#### EXERCISE INPUT

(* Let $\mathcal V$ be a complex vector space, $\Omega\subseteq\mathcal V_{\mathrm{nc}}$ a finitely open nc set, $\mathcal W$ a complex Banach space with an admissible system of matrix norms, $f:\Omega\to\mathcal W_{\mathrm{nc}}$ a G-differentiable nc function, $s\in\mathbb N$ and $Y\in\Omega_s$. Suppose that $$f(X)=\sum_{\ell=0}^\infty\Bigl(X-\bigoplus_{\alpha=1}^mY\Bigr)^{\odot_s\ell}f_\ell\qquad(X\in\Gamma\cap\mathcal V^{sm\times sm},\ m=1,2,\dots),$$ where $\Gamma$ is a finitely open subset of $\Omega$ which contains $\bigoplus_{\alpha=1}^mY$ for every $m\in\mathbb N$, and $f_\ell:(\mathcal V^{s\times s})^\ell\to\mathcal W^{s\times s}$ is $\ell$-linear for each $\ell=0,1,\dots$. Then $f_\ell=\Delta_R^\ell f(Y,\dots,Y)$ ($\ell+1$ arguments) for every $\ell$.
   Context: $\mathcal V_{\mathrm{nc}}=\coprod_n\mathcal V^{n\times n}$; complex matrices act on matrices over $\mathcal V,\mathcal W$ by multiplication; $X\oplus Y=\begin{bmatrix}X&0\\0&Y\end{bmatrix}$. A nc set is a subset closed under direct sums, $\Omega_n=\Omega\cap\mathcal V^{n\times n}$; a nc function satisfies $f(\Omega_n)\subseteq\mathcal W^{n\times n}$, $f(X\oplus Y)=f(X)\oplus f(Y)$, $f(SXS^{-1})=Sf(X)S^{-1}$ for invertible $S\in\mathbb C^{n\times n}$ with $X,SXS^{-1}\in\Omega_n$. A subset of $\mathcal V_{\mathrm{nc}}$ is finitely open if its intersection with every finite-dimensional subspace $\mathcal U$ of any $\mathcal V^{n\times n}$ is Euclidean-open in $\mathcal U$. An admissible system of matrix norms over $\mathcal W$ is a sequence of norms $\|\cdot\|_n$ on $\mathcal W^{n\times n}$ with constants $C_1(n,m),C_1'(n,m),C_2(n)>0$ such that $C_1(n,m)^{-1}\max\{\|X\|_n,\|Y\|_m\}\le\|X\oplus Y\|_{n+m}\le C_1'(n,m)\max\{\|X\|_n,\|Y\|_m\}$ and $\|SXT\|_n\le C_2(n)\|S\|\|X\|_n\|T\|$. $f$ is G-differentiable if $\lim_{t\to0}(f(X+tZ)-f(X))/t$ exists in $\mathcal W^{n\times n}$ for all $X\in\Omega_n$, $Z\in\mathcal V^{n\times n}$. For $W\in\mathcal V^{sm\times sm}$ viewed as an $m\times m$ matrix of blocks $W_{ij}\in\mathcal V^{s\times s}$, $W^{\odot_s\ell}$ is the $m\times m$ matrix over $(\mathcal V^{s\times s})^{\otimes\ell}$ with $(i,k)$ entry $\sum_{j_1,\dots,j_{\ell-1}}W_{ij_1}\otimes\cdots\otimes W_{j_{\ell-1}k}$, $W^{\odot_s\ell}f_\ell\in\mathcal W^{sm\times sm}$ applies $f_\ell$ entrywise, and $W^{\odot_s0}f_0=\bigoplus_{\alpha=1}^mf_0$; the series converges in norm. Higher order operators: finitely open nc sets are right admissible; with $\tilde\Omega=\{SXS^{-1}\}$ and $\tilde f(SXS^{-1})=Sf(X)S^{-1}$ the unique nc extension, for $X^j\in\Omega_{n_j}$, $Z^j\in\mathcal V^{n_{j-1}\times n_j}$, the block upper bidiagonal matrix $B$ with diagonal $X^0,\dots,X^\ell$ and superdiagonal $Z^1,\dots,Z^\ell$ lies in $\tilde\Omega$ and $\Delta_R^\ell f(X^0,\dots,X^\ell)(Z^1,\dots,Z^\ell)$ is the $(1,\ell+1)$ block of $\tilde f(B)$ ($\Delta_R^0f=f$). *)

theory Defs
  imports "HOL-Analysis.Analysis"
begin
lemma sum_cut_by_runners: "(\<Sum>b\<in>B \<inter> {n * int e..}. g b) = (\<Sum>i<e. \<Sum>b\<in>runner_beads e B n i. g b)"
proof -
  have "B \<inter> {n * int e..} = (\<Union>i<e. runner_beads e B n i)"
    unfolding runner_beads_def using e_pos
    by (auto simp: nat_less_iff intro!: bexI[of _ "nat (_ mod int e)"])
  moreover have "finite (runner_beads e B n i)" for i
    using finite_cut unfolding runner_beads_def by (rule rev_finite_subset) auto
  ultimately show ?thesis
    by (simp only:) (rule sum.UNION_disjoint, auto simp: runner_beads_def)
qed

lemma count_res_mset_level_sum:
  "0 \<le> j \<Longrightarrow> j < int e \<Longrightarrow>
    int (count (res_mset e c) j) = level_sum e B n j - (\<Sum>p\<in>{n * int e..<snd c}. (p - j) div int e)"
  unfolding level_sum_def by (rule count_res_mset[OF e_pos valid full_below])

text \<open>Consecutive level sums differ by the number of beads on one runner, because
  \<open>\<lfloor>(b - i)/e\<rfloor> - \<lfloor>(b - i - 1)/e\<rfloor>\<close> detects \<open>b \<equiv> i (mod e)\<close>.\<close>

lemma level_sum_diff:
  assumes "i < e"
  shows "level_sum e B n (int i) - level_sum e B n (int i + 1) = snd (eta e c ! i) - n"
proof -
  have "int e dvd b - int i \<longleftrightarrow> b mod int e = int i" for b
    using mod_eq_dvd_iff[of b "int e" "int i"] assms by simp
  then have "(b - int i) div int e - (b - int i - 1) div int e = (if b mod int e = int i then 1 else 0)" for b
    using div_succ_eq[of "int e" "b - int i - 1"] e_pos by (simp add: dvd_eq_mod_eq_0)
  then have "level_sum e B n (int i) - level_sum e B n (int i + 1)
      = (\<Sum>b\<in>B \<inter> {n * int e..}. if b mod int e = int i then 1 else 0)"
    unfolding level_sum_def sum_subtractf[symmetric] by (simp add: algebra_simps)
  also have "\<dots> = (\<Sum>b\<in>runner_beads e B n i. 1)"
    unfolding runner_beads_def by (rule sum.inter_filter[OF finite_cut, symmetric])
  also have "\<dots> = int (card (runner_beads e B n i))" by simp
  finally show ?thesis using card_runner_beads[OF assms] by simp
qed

########

* **WORK ITEM**: Lines from the entries that contain the string "also" are what must be copied.

* **SOLVED EXERCISE**:
  also have "\<dots> = (\<Sum>b\<in>runner_beads e B n i. 1)"
  also have "\<dots> = int (card (runner_beads e B n i))" by simp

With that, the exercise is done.